** RECORDS PROVIDED follows **
(* For any $n$-agent all-pay rank-based mechanism with allocation rule $x$ and any $\delta<1/n$, the equilibrium bid function $b$ satisfies (1) $b(\delta)\le \delta\,e\,x'(\delta)$, and (2) $b(1)-b(1-\delta)\le \delta\,e\,x'(1-\delta)$.
   Context: Agents have values i.i.d. from a continuous distribution $F$ on $[0,1]$; quantile $q=F(v)$ and value function $v(q)=F^{-1}(q)\in[0,1]$. For $k\in\{1,\dots,n-1\}$ the $k$-highest-bids-win allocation rule is $x_k(q)=\sum_{i=0}^{k-1}\binom{n-1}{i}q^{n-1-i}(1-q)^i$; $x_0\equiv0$, $x_n\equiv1$. A rank-based mechanism with position weights $1\ge w_1\ge\cdots\ge w_n\ge 0$ ($w_{n+1}:=0$) has allocation rule $x(q)=\sum_{k=1}^{n}(w_k-w_{k+1})x_k(q)$. In the all-pay format each agent pays his bid; the Bayes–Nash equilibrium bid as a function of quantile is defined by $b(0)=0$ and $b'(q)=v(q)\,x'(q)$. *)

theory Defs
  imports "HOL-Analysis.Analysis"
begin

text \<open>k-highest-bids-win allocation rule x_k(q) for n agents; x_0 = 0, x_n = 1.\<close>
definition khw_alloc :: "nat \<Rightarrow> nat \<Rightarrow> real \<Rightarrow> real" where
  "khw_alloc n k q =
     (if k = 0 then 0
      else if n \<le> k then 1
      else (\<Sum>i<k. real (n - 1 choose i) * q ^ (n - 1 - i) * (1 - q) ^ i))"

definition ext_weight :: "nat \<Rightarrow> (nat \<Rightarrow> real) \<Rightarrow> nat \<Rightarrow> real" where
  "ext_weight n w k = (if k = n + 1 then 0 else w k)"

definition rank_alloc :: "nat \<Rightarrow> (nat \<Rightarrow> real) \<Rightarrow> real \<Rightarrow> real" where
  "rank_alloc n w q =
     (\<Sum>k=1..n. (ext_weight n w k - ext_weight n w (k + 1)) * khw_alloc n k q)"

definition valid_weights :: "nat \<Rightarrow> (nat \<Rightarrow> real) \<Rightarrow> bool" where
  "valid_weights n w \<longleftrightarrow>
     (n \<ge> 1 \<longrightarrow> w 1 \<le> 1 \<and> 0 \<le> w n) \<and> (\<forall>k. 1 \<le> k \<and> k < n \<longrightarrow> w (k + 1) \<le> w k)"

definition cont_dist_01 :: "(real \<Rightarrow> real) \<Rightarrow> bool" where
  "cont_dist_01 F \<longleftrightarrow> mono F \<and> continuous_on UNIV F \<and> F 0 = 0 \<and> F 1 = 1
      \<and> (\<forall>t. 0 \<le> F t \<and> F t \<le> 1)"

text \<open>Value function v(q) = F^{-1}(q) (generalized inverse on [0,1]).\<close>
definition value_fn :: "(real \<Rightarrow> real) \<Rightarrow> real \<Rightarrow> real" where
  "value_fn F q = Inf {t \<in> {0..1}. q \<le> F t}"

text \<open>All-pay equilibrium bid: b(0) = 0, b'(q) = v(q) x'(q), i.e.
  b(q) = integral over [0,q] of v(t) x'(t).\<close>
definition allpay_bid :: "nat \<Rightarrow> (nat \<Rightarrow> real) \<Rightarrow> (real \<Rightarrow> real) \<Rightarrow> real \<Rightarrow> real" where
  "allpay_bid n w F q = integral {0..q} (\<lambda>t. value_fn F t * deriv (rank_alloc n w) t)"

end

theory Submission
  imports Defs
begin

text \<open>
  The bid is the integral of \<open>v(t) x'(t)\<close> with \<open>0 \<le> v \<le> 1\<close>, so it suffices to bound
  \<open>x'\<close> on \<open>[0, \<delta>]\<close> by \<open>e x'(\<delta>)\<close> and on \<open>[1 - \<delta>, 1]\<close> by \<open>e x'(1 - \<delta>)\<close>. As \<open>x'\<close> is a
  nonnegative combination of the densities \<open>x\<^sub>k'(q) = k C(n-1,k) q^(n-1-k) (1-q)^(k-1)\<close>,
  it suffices to do this for each \<open>x\<^sub>k'\<close>. On \<open>[0, \<delta>]\<close> the factor \<open>q^(n-1-k)\<close> increases,
  while \<open>(1-q)^(k-1)\<close> drops by at most the factor
  \<open>(1-\<delta>)^-(n-2) \<le> exp ((n-2) \<delta> / (1-\<delta>)) \<le> e\<close>, using \<open>n \<delta> < 1\<close>.
  The interval near 1 is the mirror image under \<open>q \<mapsto> 1 - q\<close>.
\<close>

lemma binomial_partial_sum_has_real_derivative:
  fixes q :: real
  assumes "k \<le> N"
  shows "((\<lambda>q. \<Sum>i<k. real (N choose i) * q ^ (N - i) * (1 - q) ^ i) has_real_derivative
          real k * real (N choose k) * q ^ (N - k) * (1 - q) ^ (k - 1)) (at q)"
  using assms
proof (induction k)
  case 0
  then show ?case by simp
next
  case (Suc k)
  have IH: "((\<lambda>q. \<Sum>i<k. real (N choose i) * q ^ (N - i) * (1 - q) ^ i) has_real_derivative
          real k * real (N choose k) * q ^ (N - k) * (1 - q) ^ (k - 1)) (at q)"
    using Suc by simp
  have summand: "((\<lambda>q. real (N choose k) * q ^ (N - k) * (1 - q) ^ k) has_real_derivative
      real (N choose k) * (real (N - k) * q ^ (N - k - 1) * (1 - q) ^ k
        - q ^ (N - k) * (real k * (1 - q) ^ (k - 1)))) (at q)"
    by (auto intro!: derivative_eq_intros simp: algebra_simps)
  have absorb: "real (N - k) * real (N choose k) = real (Suc k) * real (N choose Suc k)"
    using binomial_absorption[of k N] binomial_absorb_comp[of N k] by (metis of_nat_mult)
  \<comment> \<open>the \<open>-k\<close> part of the new term cancels the old derivative (telescoping)\<close>
  have "real k * real (N choose k) * q ^ (N - k) * (1 - q) ^ (k - 1)
      + real (N choose k) * (real (N - k) * q ^ (N - k - 1) * (1 - q) ^ k
        - q ^ (N - k) * (real k * (1 - q) ^ (k - 1)))
     = (real (N - k) * real (N choose k)) * q ^ (N - Suc k) * (1 - q) ^ k"
    by (simp add: algebra_simps)
  also have "\<dots> = real (Suc k) * real (N choose Suc k) * q ^ (N - Suc k) * (1 - q) ^ (Suc k - 1)"
    by (simp only: absorb) simp
  finally show ?case
    using DERIV_add[OF IH summand] by simp
qed

definition khw_alloc_deriv :: "nat \<Rightarrow> nat \<Rightarrow> real \<Rightarrow> real" where
  "khw_alloc_deriv n k q =
     (if k < n then real k * real (n - 1 choose k) * q ^ (n - 1 - k) * (1 - q) ^ (k - 1) else 0)"

lemma khw_alloc_has_real_derivative:
  "(khw_alloc n k has_real_derivative khw_alloc_deriv n k q) (at q)"
proof (cases "k = 0 \<or> n \<le> k")
  case True
  then have "khw_alloc n k = (\<lambda>_. if k = 0 then 0 else 1)"
    by (auto simp: khw_alloc_def)
  then show ?thesis
    using True by (auto simp: khw_alloc_deriv_def)
next
  case False
  then have "khw_alloc n k = (\<lambda>q. \<Sum>i<k. real (n - 1 choose i) * q ^ (n - 1 - i) * (1 - q) ^ i)"
    by (auto simp: khw_alloc_def)
  moreover have "k \<le> n - 1"
    using False by linarith
  ultimately show ?thesis
    using False binomial_partial_sum_has_real_derivative[of k "n - 1" q]
    by (simp add: khw_alloc_deriv_def)
qed

definition rank_alloc_deriv :: "nat \<Rightarrow> (nat \<Rightarrow> real) \<Rightarrow> real \<Rightarrow> real" where
  "rank_alloc_deriv n w q =
     (\<Sum>k=1..n. (ext_weight n w k - ext_weight n w (k + 1)) * khw_alloc_deriv n k q)"

lemma rank_alloc_has_real_derivative:
  "(rank_alloc n w has_real_derivative rank_alloc_deriv n w q) (at q)"
  unfolding rank_alloc_def[abs_def] rank_alloc_deriv_def
  by (auto intro!: derivative_eq_intros khw_alloc_has_real_derivative simp: mult.commute)

lemma deriv_rank_alloc: "deriv (rank_alloc n w) q = rank_alloc_deriv n w q"
  using rank_alloc_has_real_derivative DERIV_imp_deriv by blast

lemma continuous_on_khw_alloc_deriv: "continuous_on S (khw_alloc_deriv n k)"
  by (cases "k < n") (auto simp: khw_alloc_deriv_def[abs_def] intro!: continuous_intros)

lemma continuous_on_rank_alloc_deriv: "continuous_on S (rank_alloc_deriv n w)"
  unfolding rank_alloc_deriv_def[abs_def]
  by (auto intro!: continuous_intros continuous_on_khw_alloc_deriv)

lemma ext_weight_diff_nonneg:
  assumes "valid_weights n w" "k \<in> {1..n}"
  shows "0 \<le> ext_weight n w k - ext_weight n w (k + 1)"
  using assms by (auto simp: valid_weights_def ext_weight_def)

lemma rank_alloc_deriv_nonneg:
  assumes "valid_weights n w" "0 \<le> q" "q \<le> 1"
  shows "0 \<le> rank_alloc_deriv n w q"
  unfolding rank_alloc_deriv_def khw_alloc_deriv_def
  using assms by (intro sum_nonneg mult_nonneg_nonneg ext_weight_diff_nonneg) auto
lemma perm_matrix_in_U:
  assumes s: "s permutes {1..n}"
  shows "in_U n (perm_matrix s)"
  unfolding in_U_def
proof (intro conjI allI impI ballI)
  fix i j assume "i \<notin> {1..n} \<or> j \<notin> {1..n}"
  then show "perm_matrix s i j = idm i j"
    using permutes_in_image[OF s, of j] permutes_not_in[OF s, of j]
    unfolding perm_matrix_def idm_def by auto
next
  fix i j assume i: "i \<in> {1..n}" and j: "j \<in> {1..n}"
  have "(\<Sum>k\<in>{1..n}. cnj (perm_matrix s k i) * perm_matrix s k j) =
        (\<Sum>k\<in>{1..n}. if k = s i then (if s j = s i then 1 else 0) else 0)"
    by (rule sum.cong) (auto simp: perm_matrix_def)
  also have "\<dots> = (if s j = s i then 1 else 0)"
    using permutes_in_image[OF s] i by simp
  also have "\<dots> = idm i j"
    using permutes_inj[OF s] unfolding idm_def by (auto simp: inj_eq)
  finally show "(\<Sum>k\<in>{1..n}. cnj (perm_matrix s k i) * perm_matrix s k j) = idm i j" .
qed

lemma sum_mult_idm: "finite A \<Longrightarrow> j \<in> A \<Longrightarrow> (\<Sum>k\<in>A. f k * idm k j) = f j"
  by (simp add: idm_def if_distrib cong: if_cong)

lemma range_cond_column:
  assumes "range_cond (N+1) N u v" "j \<in> {1..N+1}"
  obtains c where "\<And>i. u i j - v i j = (u i (N+1) - idm i (N+1)) * c"
proof -
  obtain y where y0: "\<And>k. k \<notin> {N+1..N+1} \<Longrightarrow> y k = 0" and
    y: "\<And>i. (\<Sum>j'\<in>{1..N+1}. (u i j' - v i j') * idm j' j) = (\<Sum>k\<in>{1..N+1}. (u i k - idm i k) * y k)"
    using assms(1) unfolding range_cond_def by metis
  have "u i j - v i j = (u i (N+1) - idm i (N+1)) * y (N+1)" for i
  proof -
    have "u i j - v i j = (\<Sum>j'\<in>{1..N+1}. (u i j' - v i j') * idm j' j)"
      using assms(2) by (subst sum_mult_idm) simp_all
    also have "\<dots> = (\<Sum>k\<in>{1..N+1}. (u i k - idm i k) * y k)"
      by (rule y)
    also have "\<dots> = (\<Sum>k\<in>{1..N+1}. ((u i k - idm i k) * y (N+1)) * idm k (N+1))"
      by (rule sum.cong) (auto simp: idm_def y0)
    also have "\<dots> = (u i (N+1) - idm i (N+1)) * y (N+1)"
      by (subst sum_mult_idm) simp_all
    finally show ?thesis .
  qed
  then show thesis by (rule that)
qed

text \<open>The hypothesis on u holds for every u \<in> U(N+1), since its (N+1)-th column is a unit vector.\<close>

lemma range_cond_unique:
  assumes col: "u (N+1) (N+1) = 1 \<Longrightarrow> (\<forall>i. u i (N+1) = idm i (N+1))"
    and v: "in_U N v" "range_cond (N+1) N u v"
    and w: "in_U N w" "range_cond (N+1) N u w"
  shows "v = w"
proof (intro ext)
  fix i j
  show "v i j = w i j"
  proof (cases "j \<in> {1..N}")
    case False
    then show ?thesis using v(1) w(1) unfolding in_U_def by auto
  next
    case True
    then have j: "j \<in> {1..N+1}" by simp
    obtain c where c: "\<And>i. u i j - v i j = (u i (N+1) - idm i (N+1)) * c"
      using range_cond_column[OF v(2) j] by metis
    obtain c' where c': "\<And>i. u i j - w i j = (u i (N+1) - idm i (N+1)) * c'"
      using range_cond_column[OF w(2) j] by metis
    have "v (N+1) j = 0" "w (N+1) j = 0"
      using v(1) w(1) True unfolding in_U_def idm_def by auto
    then have "(u (N+1) (N+1) - 1) * c = (u (N+1) (N+1) - 1) * c'"
      using c[of "N+1"] c'[of "N+1"] by (simp add: idm_def)
    then have "c = c' \<or> (\<forall>i. u i (N+1) = idm i (N+1))"
      using col by auto
    then have "u i j - v i j = u i j - w i j"
      using c[of i] c'[of i] by auto
    then show ?thesis by simp
  qed
qed
lemma distr_uminus_sphere_uniform:
  "distr sphere_uniform borel uminus = (sphere_uniform :: 'a::euclidean_space measure)"
proof (rule measure_eqI)
  fix A :: "'a set"
  assume "A \<in> sets (distr sphere_uniform borel uminus)"
  then have [measurable]: "A \<in> sets borel"
    by simp
  have "(\<integral>\<^sup>+y. indicator A (sgn y) * indicator (ball 0 1) y \<partial>lborel) =
      (\<integral>\<^sup>+y. indicator A (sgn (- y)) * indicator (ball 0 1) (- y) \<partial>(lborel :: 'a measure))"
    by (rule nn_integral_lborel_scaleR[of _ "-1", simplified]) auto
  also have "\<dots> = (\<integral>\<^sup>+y. indicator A (- sgn y) * indicator (ball 0 1) y \<partial>lborel)"
    by (simp add: sgn_minus indicator_def)
  finally have "(\<integral>\<^sup>+l. indicator A (- l) \<partial>sphere_uniform) = (\<integral>\<^sup>+l. indicator A l \<partial>sphere_uniform)"
    using nn_integral_sphere_uniform[of "\<lambda>l. indicator A (- l)"] nn_integral_sphere_uniform[of "indicator A"]
    by simp
  then show "emeasure (distr sphere_uniform borel uminus) A = emeasure sphere_uniform A"
    by (simp add: nn_integral_distr flip: nn_integral_indicator)
qed simp

section \<open>Polar coordinates\<close>

lemma nn_integral_sgn_ball:
  fixes h :: "'a::euclidean_space \<Rightarrow> ennreal"
  assumes [measurable]: "h \<in> borel_measurable borel"
  shows "(\<integral>\<^sup>+y. h (sgn y) * indicator (ball 0 r) y \<partial>lborel) =
    (\<integral>\<^sup>+l. h l \<partial>sphere_uniform) * emeasure lborel (ball (0::'a) r)"
proof (cases "r > 0")
  case True
  have "(\<integral>\<^sup>+y. h (sgn y) * indicator (ball 0 r) y \<partial>lborel) =
      ennreal (r ^ DIM('a)) * (\<integral>\<^sup>+y. h (sgn (r *\<^sub>R y)) * indicator (ball 0 r) (r *\<^sub>R y) \<partial>lborel)"
    using True by (subst nn_integral_lborel_scaleR[of _ r]) auto
  also have "(\<lambda>y. h (sgn (r *\<^sub>R y)) * indicator (ball 0 r) (r *\<^sub>R y)) =
      (\<lambda>y::'a. h (sgn y) * indicator (ball 0 1) y)"
    using True by (auto simp: sgn_scaleR indicator_def fun_eq_iff)
  also have "(\<integral>\<^sup>+y. h (sgn y) * indicator (ball 0 1) y \<partial>lborel) =
      (\<integral>\<^sup>+l. h l \<partial>sphere_uniform) * emeasure lborel (ball (0::'a) 1)"
    using emeasure_unit_ball_pos[where 'a='a] emeasure_unit_ball_finite[where 'a='a]
    by (simp add: nn_integral_sphere_uniform ennreal_divide_times ennreal_divide_self less_top)
  also have "ennreal (r ^ DIM('a)) * ((\<integral>\<^sup>+l. h l \<partial>sphere_uniform) * emeasure lborel (ball (0::'a) 1)) =
      (\<integral>\<^sup>+l. h l \<partial>sphere_uniform) * emeasure lborel (ball (0::'a) r)"
    using True by (simp add: emeasure_ball ennreal_mult' mult_ac)
  finally show ?thesis .
qed (simp add: ball_empty)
** End of RECORDS PROVIDED **
TASK INSTRUCTIONS: Each line from the beginning of the entries to the line with "1 then 0 else" must be repeated exactly, with both end lines kept and no other lines given.

TASK ANSWER:
(* For any $n$-agent all-pay rank-based mechanism with allocation rule $x$ and any $\delta<1/n$, the equilibrium bid function $b$ satisfies (1) $b(\delta)\le \delta\,e\,x'(\delta)$, and (2) $b(1)-b(1-\delta)\le \delta\,e\,x'(1-\delta)$.
   Context: Agents have values i.i.d. from a continuous distribution $F$ on $[0,1]$; quantile $q=F(v)$ and value function $v(q)=F^{-1}(q)\in[0,1]$. For $k\in\{1,\dots,n-1\}$ the $k$-highest-bids-win allocation rule is $x_k(q)=\sum_{i=0}^{k-1}\binom{n-1}{i}q^{n-1-i}(1-q)^i$; $x_0\equiv0$, $x_n\equiv1$. A rank-based mechanism with position weights $1\ge w_1\ge\cdots\ge w_n\ge 0$ ($w_{n+1}:=0$) has allocation rule $x(q)=\sum_{k=1}^{n}(w_k-w_{k+1})x_k(q)$. In the all-pay format each agent pays his bid; the Bayes–Nash equilibrium bid as a function of quantile is defined by $b(0)=0$ and $b'(q)=v(q)\,x'(q)$. *)

theory Defs
  imports "HOL-Analysis.Analysis"
begin

text \<open>k-highest-bids-win allocation rule x_k(q) for n agents; x_0 = 0, x_n = 1.\<close>
definition khw_alloc :: "nat \<Rightarrow> nat \<Rightarrow> real \<Rightarrow> real" where
  "khw_alloc n k q =
     (if k = 0 then 0
      else if n \<le> k then 1
      else (\<Sum>i<k. real (n - 1 choose i) * q ^ (n - 1 - i) * (1 - q) ^ i))"

definition ext_weight :: "nat \<Rightarrow> (nat \<Rightarrow> real) \<Rightarrow> nat \<Rightarrow> real" where
  "ext_weight n w k = (if k = n + 1 then 0 else w k)"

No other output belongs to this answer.